Review: Room

Jack Whitehead 24 January 2016

Room is one of those rare films that manages to effortlessly cross boundaries of both genre and intended audience. Propelled by a brilliant screenplay by Emma Donoghue (who also wrote the award-winning novel on which the movie is based), the film defies categorisation: simultaneously a gut-wrenching drama, suspenseful thriller and poignant tale of survival.

At the heart of the story is the relationship between the two central characters. Firstly there is Jack, the five year-old boy through whose eyes we enter Room, the tiny windowless space in which he was conceived, born and raised. Jacob Tremblay shines in this role: every stare, every movement and every line of dialogue is so earnestly authentic that you can’t help but fall for his warped sense of reality. Then there is Ma, the young mother who was forced to grow up too quickly after her abduction, rape and subsequent childbirth. Brie Larson (Short Term 12) gives her all in this role. Larson’s choice to eschew hysterics in favour of a subtlety that perfectly conveys quiet desperation is commendable, adding another layer to an already complex character. Pain, fear, fatigue, anxiety and (perhaps) hope are palpable in every inch of her (Oscar-nominated) performance.

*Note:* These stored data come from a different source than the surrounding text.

lemma derives_weight_q_le: "derives P R \<Longrightarrow> weight_q P \<le> 3 * qsize R"
  unfolding derives_def using weight_q_inst_mono weight_q_le order_trans by blast

lemma derivable_candidate_chole:
  assumes R: "R = inst_q sc si P" and "complete R" "in_schema n m R" and h: "h \<in> chole_q P"
  shows "\<exists>Q \<in> candidates n m P. derives Q R"
proof -
  have "chole_c (sc h) = {}" "\<forall>j \<in> cols_c (sc h). j < m"
    using chole_q_inst[OF h, of sc si] cols_q_inst[OF h, of sc si] assms(2,3) R
    unfolding complete_def in_schema_def by auto
  then obtain i where i: "sc h = Col i" "i < m"
    by (cases "sc h") auto
  then have "fill_col h (Col i) P \<in> candidates n m P"
    using h unfolding candidates_def by blast
  moreover have "inst_q sc si (fill_col h (Col i) P) = R"
    using i(1) by (simp add: inst_q_fill_col R fun_upd_idem)
  ultimately show ?thesis unfolding derives_def by blast
qed

lemma derivable_candidate_ihole:
  assumes R: "R = inst_q sc si P" and "complete R" "in_schema n m R" and h: "h \<in> ihole_q P"
  shows "\<exists>Q \<in> candidates n m P. derives Q R"
proof -
  have "ihole_t (si h) = {}" "\<forall>i \<in> tabs_t (si h). i < n"
    using ihole_q_inst[OF h, of si sc] assms(2,3) R
    unfolding complete_def in_schema_def by auto
  then consider i where "si h = Tab i" "i < n" | i c1 c2 r where "si h = Join i c1 c2 r" "i < n"
    by (cases "si h") auto
  then show ?thesis
  proof cases
    case (1 i)
    then have "fill_I h (Tab i) P \<in> candidates n m P"
      using h unfolding candidates_def by blast
    moreover have "inst_q sc si (fill_I h (Tab i) P) = R"
      using 1 by (simp add: inst_q_fill_I R fun_upd_idem)
    ultimately show ?thesis unfolding derives_def by blast
  next
    case (2 i c1 c2 r)
    define a where "a = next_name P"
    let ?Q = "fill_I h (Join i (CHole a) (CHole (Suc a)) (IHole (Suc (Suc a)))) P"
    have "?Q \<in> candidates n m P"
      using h 2 unfolding candidates_def a_def by blast
    moreover have "inst_q (sc(a := c1, Suc a := c2)) (si(Suc (Suc a) := r)) ?Q = R"
    proof -
      have "inst_q (sc(a := c1, Suc a := c2)) (si(Suc (Suc a) := r)) ?Q =
          inst_q (sc(a := c1, Suc a := c2)) (si(Suc (Suc a) := r, h := si h)) P"
        using 2 by (simp add: inst_q_fill_I)
      also have "\<dots> = inst_q sc si P" \<comment> \<open>a, Suc a and Suc (Suc a) are fresh for P\<close>
        by (intro inst_q_cong) (auto simp: a_def dest: less_next_name[OF UnI1] less_next_name[OF UnI2])
      finally show ?thesis using R by simp
    qed
    ultimately show ?thesis unfolding derives_def by blast
  qed
qed

lemma derivable_candidate_exists:
  assumes "derives P R" "complete R" "in_schema n m R" "\<not> complete P"
  shows "\<exists>Q \<in> candidates n m P. derives Q R"
proof -
  obtain sc si where "R = inst_q sc si P"
    using assms(1) unfolding derives_def by metis
  moreover have "chole_q P \<noteq> {} \<or> ihole_q P \<noteq> {}"
    using assms(4) unfolding complete_def by blast
  ultimately show ?thesis
    using derivable_candidate_chole[OF _ assms(2,3)] derivable_candidate_ihole[OF _ assms(2,3)] by blast
qed

(* Lexicographic in the weight deficit and the number of open candidates: the deficit is scaled
   by one more than the bound qsize R * (m + 2 * n) on the open candidates. *)
definition potential :: "nat \<Rightarrow> nat \<Rightarrow> query \<Rightarrow> query \<times> query set \<Rightarrow> nat" where
  "potential n m R s =
     (3 * qsize R - weight_q (fst s)) * (qsize R * (m + 2 * n) + 1)
     + card (candidates n m (fst s) - snd s)"

lemma card_open_candidates_le:
  "derives P R \<Longrightarrow> card (candidates n m P - N) \<le> qsize R * (m + 2 * n)"
proof -
  assume "derives P R"
  have "card (candidates n m P - N) \<le> card (candidates n m P)"
    by (rule card_mono[OF finite_candidates Diff_subset])
  also have "\<dots> \<le> qsize P * (m + 2 * n)"
    by (rule card_candidates_le)
  also have "\<dots> \<le> qsize R * (m + 2 * n)"
    using derives_qsize_le[OF \<open>derives P R\<close>] by (rule mult_le_mono1)
  finally show ?thesis .
qed

lemma alg_step_potential_less:
  assumes d: "derives (fst s) R" and step: "alg_step n m R s s'"
  shows "derives (fst s') R \<and> potential n m R s' < potential n m R s"
proof -
  obtain P N where s: "s = (P, N)" by fastforce
  from step obtain Q where Q: "Q \<in> candidates n m P" "Q \<notin> N"
    and s': "s' = (if derives Q R then (Q, N) else (P, insert Q N))"
    unfolding alg_step_def s by auto
  show ?thesis
  proof (cases "derives Q R")
    case True
    let ?C = "qsize R * (m + 2 * n)"
    have "weight_q P < weight_q Q" "weight_q Q \<le> 3 * qsize R"
      using weight_q_candidate_less[OF Q(1)] derives_weight_q_le[OF True] .
    have "potential n m R s' = (3 * qsize R - weight_q Q) * (?C + 1) + card (candidates n m Q - N)"
      using True s' unfolding potential_def by simp
    also have "\<dots> < (3 * qsize R - weight_q Q + 1) * (?C + 1)"
      using card_open_candidates_le[OF True, of n m N] by simp
    also have "\<dots> \<le> (3 * qsize R - weight_q P) * (?C + 1)"
      using \<open>weight_q P < weight_q Q\<close> \<open>weight_q Q \<le> 3 * qsize R\<close>
      by (intro mult_le_mono1) linarith
    also have "\<dots> \<le> potential n m R s"
      unfolding potential_def s by simp
    finally show ?thesis
      using True s' by simp
  next
    case False
    have "card (candidates n m P - N - {Q}) < card (candidates n m P - N)"
      using Q finite_candidates by (intro card_Diff1_less) auto
    moreover have "candidates n m P - insert Q N = candidates n m P - N - {Q}"
      by blast
    ultimately have "card (candidates n m P - insert Q N) < card (candidates n m P - N)"
      by simp
    then show ?thesis
      using False s' d unfolding potential_def s by simp
  qed
qed

lemma alg_run_potential:
  "(alg_step n m R ^^ k) s0 s \<Longrightarrow> derives (fst s0) R \<Longrightarrow>
    derives (fst s) R \<and> potential n m R s + k \<le> potential n m R s0"
proof (induction k arbitrary: s)
  case (Suc k)
  then obtain s1 where run: "(alg_step n m R ^^ k) s0 s1" and step: "alg_step n m R s1 s"
    by auto
  from Suc.IH[OF run Suc.prems(2)] alg_step_potential_less[OF _ step] show ?case
    by auto
qed simp

lemma alg_reachable_invariant:
  "(alg_step n m R)\<^sup>*\<^sup>* s0 s \<Longrightarrow> derives (fst s0) R \<Longrightarrow> \<forall>Q \<in> snd s0. \<not> derives Q R \<Longrightarrow>
    derives (fst s) R \<and> (\<forall>Q \<in> snd s. \<not> derives Q R)"
  by (induction rule: rtranclp_induct) (auto simp: alg_step_def split: if_splits)

lemma alg_step_exists:
  assumes "derives (fst s) R" "\<forall>Q \<in> snd s. \<not> derives Q R"
    and "complete R" "in_schema n m R" "\<not> complete (fst s)"
  shows "\<exists>s'. alg_step n m R s s'"
proof -
  obtain Q where "Q \<in> candidates n m (fst s)" "derives Q R"
    using derivable_candidate_exists[OF assms(1,3-5)] by blast
  with assms(2,5) show ?thesis
    unfolding alg_step_def by blast
qed

lemma tabs_q_nonempty: "ihole_q q = {} \<Longrightarrow> tabs_q q \<noteq> {}"
proof -
  have "ihole_t t = {} \<Longrightarrow> tabs_t t \<noteq> {}" for t
    by (induction t) auto
  then show "ihole_q q = {} \<Longrightarrow> ?thesis"
    by (induction q) auto
qed

lemma potential_initial_le:
  assumes "derives P0 R" "complete R" "in_schema n m R"
  shows "potential n m R (P0, {}) \<le> 11 * (n + m) * qsize R ^ 2"
proof -
  define S where "S = qsize R"
  define T where "T = n + m"
  have "n \<noteq> 0"
    using tabs_q_nonempty[of R] assms(2,3) unfolding complete_def in_schema_def by force
  then have "1 \<le> T" unfolding T_def by simp
  have "1 \<le> S" unfolding S_def by (cases R) auto
  have C: "S * (m + 2 * n) \<le> 2 * S * T"
    unfolding T_def by simp
  have "potential n m R (P0, {}) \<le> 3 * S * (S * (m + 2 * n) + 1) + S * (m + 2 * n)"
    using card_open_candidates_le[OF assms(1), of n m "{}"]
    unfolding potential_def S_def by (intro add_mono mult_le_mono1) auto
  also have "\<dots> \<le> 3 * S * (2 * S * T + 1) + 2 * S * T"
    using C by (intro add_mono mult_le_mono2) auto
  also have "\<dots> = 6 * T * S\<^sup>2 + 3 * S + 2 * T * S"
    by (simp add: algebra_simps power2_eq_square)
  also have "\<dots> \<le> 6 * T * S\<^sup>2 + 3 * T * S\<^sup>2 + 2 * T * S\<^sup>2"
    using \<open>1 \<le> S\<close> \<open>1 \<le> T\<close> by (intro add_mono) (auto simp: power2_eq_square)
  finally show ?thesis
    unfolding S_def T_def by (simp add: algebra_simps)
qed

theorem theorem2:
  "\<exists>K::nat. \<forall>(n::nat) (m::nat) Pstar P0.
     complete Pstar \<longrightarrow> in_schema n m Pstar \<longrightarrow> derives P0 Pstar \<longrightarrow>
       (\<forall>k s. (alg_step n m Pstar ^^ k) (P0, {}) s \<longrightarrow> k \<le> K * (n + m) * qsize Pstar ^ 2)
     \<and> (\<forall>s. (alg_step n m Pstar)\<^sup>*\<^sup>* (P0, {}) s \<and> \<not> (\<exists>s'. alg_step n m Pstar s s')
            \<longrightarrow> complete (fst s))"
proof (intro exI[of _ 11] allI impI conjI)
  fix n m Pstar P0 k s
  assume R: "complete Pstar" "in_schema n m Pstar" and P0: "derives P0 Pstar"
    and run: "(alg_step n m Pstar ^^ k) (P0, {}) s"
  have "k \<le> potential n m Pstar (P0, {})"
    using alg_run_potential[OF run] P0 by simp
  also have "\<dots> \<le> 11 * (n + m) * qsize Pstar ^ 2"
    using potential_initial_le[OF P0 R] .
  finally show "k \<le> 11 * (n + m) * qsize Pstar ^ 2" .
next
  fix n m Pstar P0 s
  assume R: "complete Pstar" "in_schema n m Pstar" and P0: "derives P0 Pstar"
    and "(alg_step n m Pstar)\<^sup>*\<^sup>* (P0, {}) s \<and> \<not> (\<exists>s'. alg_step n m Pstar s s')"
  then have reach: "(alg_step n m Pstar)\<^sup>*\<^sup>* (P0, {}) s" and stuck: "\<nexists>s'. alg_step n m Pstar s s'"
    by auto
  have "derives (fst s) Pstar" "\<forall>Q \<in> snd s. \<not> derives Q Pstar"
    using alg_reachable_invariant[OF reach] P0 by auto
  with stuck show "complete (fst s)"
    using alg_step_exists[OF _ _ R] by blast
qed

end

Although Jack and Ma’s plan to escape from Room is the plot’s driving force, the film’s real questions run deeper. Can the threads of an old life simply be picked up? Can the will to survive overpower human evil? And are the bonds that tie us together strong enough to overcome unimaginable trauma?

Any complaints about the film are attributable to the inherent limitations of the medium. Constraints of time mean that the ennui of years of captivity is never fully brought home for the audience, and certain story avenues are not fully explored (in particular, the insufficient attention paid to William H Macy’s character); but these are minor issues that do little to diminish the power of the story or the drama’s intrigue.

An emotional maelstrom that will leave you thinking long after you leave the cinema, Room is not one to be missed.